_Supplied material_
------------------------

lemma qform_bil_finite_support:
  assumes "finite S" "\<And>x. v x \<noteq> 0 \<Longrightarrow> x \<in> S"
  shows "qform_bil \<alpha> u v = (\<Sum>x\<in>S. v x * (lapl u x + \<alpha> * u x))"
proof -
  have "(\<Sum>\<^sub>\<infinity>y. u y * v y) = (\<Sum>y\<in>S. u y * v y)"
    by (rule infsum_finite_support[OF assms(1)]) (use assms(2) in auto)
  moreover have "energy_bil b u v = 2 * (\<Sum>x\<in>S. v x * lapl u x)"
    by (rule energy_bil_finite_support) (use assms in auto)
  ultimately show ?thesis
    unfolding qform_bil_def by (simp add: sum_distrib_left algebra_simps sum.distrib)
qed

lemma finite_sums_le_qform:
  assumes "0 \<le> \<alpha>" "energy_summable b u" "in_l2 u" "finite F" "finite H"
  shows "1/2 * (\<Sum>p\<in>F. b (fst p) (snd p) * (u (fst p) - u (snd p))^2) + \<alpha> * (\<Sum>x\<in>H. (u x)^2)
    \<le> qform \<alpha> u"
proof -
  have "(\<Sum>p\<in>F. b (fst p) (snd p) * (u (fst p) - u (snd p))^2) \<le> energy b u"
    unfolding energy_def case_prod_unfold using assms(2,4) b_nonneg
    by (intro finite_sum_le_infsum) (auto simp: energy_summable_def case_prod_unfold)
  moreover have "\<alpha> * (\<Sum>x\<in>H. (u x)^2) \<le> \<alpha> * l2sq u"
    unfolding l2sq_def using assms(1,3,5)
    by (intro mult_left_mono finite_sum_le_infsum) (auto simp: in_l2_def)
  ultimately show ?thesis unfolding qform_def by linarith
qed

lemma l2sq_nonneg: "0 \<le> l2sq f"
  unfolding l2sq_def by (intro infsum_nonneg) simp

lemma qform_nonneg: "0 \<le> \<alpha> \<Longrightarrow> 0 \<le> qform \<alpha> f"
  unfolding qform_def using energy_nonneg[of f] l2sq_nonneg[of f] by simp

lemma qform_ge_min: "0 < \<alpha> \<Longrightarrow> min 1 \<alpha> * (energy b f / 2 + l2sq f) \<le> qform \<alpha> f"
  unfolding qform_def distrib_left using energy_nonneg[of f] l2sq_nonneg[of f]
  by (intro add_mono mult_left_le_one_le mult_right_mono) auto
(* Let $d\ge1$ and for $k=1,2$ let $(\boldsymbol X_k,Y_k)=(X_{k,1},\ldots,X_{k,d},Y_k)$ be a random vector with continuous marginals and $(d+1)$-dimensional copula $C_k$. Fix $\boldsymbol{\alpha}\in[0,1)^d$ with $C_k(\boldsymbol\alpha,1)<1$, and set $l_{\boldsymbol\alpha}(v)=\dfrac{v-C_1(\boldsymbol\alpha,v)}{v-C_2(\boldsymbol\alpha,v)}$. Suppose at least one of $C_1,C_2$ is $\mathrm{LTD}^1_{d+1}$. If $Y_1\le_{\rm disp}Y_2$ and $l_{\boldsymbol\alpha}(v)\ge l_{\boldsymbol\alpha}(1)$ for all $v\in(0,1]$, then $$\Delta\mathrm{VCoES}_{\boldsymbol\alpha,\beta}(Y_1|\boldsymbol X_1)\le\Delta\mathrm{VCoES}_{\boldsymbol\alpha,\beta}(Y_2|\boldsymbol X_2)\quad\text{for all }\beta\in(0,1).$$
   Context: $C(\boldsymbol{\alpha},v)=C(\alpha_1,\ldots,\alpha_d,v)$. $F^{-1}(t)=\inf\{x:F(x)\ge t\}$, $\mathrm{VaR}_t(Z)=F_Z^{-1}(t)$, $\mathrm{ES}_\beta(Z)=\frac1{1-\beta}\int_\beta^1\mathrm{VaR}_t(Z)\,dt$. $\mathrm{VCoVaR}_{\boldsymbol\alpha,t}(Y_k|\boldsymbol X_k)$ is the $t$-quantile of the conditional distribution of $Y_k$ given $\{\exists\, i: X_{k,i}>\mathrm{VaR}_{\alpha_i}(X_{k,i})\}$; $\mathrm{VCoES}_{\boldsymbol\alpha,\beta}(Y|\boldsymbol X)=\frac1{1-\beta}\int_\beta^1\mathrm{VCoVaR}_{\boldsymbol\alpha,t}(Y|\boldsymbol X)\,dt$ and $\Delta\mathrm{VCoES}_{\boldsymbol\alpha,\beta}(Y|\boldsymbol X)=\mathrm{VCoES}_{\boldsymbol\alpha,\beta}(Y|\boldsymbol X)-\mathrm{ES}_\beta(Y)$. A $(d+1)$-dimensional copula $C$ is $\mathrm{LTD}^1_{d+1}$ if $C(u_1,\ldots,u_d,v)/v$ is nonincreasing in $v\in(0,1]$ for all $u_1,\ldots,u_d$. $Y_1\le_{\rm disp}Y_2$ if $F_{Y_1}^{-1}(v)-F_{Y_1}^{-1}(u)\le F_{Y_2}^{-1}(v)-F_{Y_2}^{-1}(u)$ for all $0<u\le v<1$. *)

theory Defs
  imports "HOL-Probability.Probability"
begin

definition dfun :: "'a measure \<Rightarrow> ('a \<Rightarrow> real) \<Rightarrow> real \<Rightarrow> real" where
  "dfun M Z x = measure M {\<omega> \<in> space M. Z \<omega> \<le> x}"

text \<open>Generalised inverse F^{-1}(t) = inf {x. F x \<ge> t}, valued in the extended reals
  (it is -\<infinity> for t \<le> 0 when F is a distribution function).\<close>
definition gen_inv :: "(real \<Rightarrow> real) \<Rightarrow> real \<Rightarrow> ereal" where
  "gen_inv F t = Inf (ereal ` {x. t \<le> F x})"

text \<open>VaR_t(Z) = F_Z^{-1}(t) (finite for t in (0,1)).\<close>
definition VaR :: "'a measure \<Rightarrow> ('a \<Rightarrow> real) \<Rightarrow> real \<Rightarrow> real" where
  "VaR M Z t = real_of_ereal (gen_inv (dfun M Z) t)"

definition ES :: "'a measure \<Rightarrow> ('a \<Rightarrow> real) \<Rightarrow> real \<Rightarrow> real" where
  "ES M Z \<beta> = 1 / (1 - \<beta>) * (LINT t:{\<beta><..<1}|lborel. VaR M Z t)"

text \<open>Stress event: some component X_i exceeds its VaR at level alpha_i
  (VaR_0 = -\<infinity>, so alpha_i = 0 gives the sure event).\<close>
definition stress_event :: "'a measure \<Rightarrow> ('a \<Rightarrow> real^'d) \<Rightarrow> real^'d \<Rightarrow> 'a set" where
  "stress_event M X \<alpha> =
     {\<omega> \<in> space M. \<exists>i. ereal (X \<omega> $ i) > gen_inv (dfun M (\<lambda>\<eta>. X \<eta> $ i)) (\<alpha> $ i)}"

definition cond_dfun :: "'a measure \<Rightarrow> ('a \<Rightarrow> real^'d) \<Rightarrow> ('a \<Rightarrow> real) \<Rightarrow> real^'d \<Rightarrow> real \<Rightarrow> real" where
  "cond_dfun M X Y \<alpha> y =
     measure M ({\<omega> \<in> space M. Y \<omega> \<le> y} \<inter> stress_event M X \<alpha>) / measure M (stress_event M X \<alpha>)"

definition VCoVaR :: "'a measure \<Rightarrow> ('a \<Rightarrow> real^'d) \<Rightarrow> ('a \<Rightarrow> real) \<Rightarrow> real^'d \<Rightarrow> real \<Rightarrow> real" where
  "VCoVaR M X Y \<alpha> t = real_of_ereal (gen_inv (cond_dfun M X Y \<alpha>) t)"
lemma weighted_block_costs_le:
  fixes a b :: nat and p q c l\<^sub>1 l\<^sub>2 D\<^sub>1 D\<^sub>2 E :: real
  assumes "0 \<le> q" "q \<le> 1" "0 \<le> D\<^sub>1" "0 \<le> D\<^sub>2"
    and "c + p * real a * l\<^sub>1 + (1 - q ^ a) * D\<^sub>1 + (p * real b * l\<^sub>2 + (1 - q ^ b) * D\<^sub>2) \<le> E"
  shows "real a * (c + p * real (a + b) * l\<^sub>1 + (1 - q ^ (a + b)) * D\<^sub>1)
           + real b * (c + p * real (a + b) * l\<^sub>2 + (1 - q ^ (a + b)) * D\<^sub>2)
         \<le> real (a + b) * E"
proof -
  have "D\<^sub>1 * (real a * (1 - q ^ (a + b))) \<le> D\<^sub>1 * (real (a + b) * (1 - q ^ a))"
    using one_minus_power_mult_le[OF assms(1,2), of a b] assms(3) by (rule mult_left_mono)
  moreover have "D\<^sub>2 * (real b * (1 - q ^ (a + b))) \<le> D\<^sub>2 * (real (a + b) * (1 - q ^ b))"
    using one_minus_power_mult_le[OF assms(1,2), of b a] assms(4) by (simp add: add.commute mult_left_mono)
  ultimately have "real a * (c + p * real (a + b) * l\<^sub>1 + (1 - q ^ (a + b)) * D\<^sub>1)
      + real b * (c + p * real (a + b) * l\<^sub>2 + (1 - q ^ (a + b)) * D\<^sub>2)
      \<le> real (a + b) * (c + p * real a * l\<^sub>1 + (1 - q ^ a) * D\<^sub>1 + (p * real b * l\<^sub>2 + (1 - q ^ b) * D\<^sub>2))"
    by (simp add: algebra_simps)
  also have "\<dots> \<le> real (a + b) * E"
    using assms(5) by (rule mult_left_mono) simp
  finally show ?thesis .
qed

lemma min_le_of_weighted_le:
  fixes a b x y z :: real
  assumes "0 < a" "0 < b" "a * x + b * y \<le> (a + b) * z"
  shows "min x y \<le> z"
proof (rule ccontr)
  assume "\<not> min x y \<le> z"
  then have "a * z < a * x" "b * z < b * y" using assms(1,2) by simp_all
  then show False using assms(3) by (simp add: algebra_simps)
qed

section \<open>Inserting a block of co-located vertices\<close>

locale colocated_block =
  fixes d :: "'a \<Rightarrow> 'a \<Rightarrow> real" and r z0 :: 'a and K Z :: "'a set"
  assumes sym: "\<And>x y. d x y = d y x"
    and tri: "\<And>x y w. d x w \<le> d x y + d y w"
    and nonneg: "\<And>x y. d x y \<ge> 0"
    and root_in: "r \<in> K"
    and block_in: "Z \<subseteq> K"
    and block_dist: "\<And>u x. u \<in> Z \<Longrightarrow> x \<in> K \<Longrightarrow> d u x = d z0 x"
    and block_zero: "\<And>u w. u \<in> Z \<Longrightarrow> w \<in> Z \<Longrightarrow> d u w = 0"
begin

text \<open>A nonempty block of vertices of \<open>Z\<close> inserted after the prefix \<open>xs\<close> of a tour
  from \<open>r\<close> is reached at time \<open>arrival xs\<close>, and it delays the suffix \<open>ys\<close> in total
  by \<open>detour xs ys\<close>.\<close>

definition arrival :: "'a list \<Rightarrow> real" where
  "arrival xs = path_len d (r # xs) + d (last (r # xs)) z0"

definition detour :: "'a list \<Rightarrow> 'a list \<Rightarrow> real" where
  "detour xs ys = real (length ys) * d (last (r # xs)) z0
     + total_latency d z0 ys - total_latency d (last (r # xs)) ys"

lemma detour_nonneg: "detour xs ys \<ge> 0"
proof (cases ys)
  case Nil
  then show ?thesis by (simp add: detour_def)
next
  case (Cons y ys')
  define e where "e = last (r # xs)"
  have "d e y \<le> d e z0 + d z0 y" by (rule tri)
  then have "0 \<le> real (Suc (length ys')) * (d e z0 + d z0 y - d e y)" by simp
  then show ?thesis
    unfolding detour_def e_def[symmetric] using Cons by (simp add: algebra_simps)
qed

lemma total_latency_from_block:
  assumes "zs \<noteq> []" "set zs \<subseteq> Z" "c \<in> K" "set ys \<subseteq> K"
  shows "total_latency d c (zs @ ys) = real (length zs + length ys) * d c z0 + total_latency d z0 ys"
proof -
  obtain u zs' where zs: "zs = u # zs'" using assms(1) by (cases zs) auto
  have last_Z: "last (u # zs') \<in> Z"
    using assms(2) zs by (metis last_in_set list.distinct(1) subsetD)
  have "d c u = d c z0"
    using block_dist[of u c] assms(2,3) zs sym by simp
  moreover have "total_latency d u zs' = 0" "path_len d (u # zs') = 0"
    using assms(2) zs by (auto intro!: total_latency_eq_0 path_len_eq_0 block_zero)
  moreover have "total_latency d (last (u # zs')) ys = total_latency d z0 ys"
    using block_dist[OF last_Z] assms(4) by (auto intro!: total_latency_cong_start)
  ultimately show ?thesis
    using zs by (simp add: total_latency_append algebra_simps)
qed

------------------------

_Instructions for the task_
Search the listing above for "infinity" and copy every line that has it.

_Answer space_
  have "(\<Sum>\<^sub>\<infinity>y. u y * v y) = (\<Sum>y\<in>S. u y * v y)"
  (it is -\<infinity> for t \<le> 0 when F is a distribution function).\<close>
  (VaR_0 = -\<infinity>, so alpha_i = 0 gives the sure event).\<close>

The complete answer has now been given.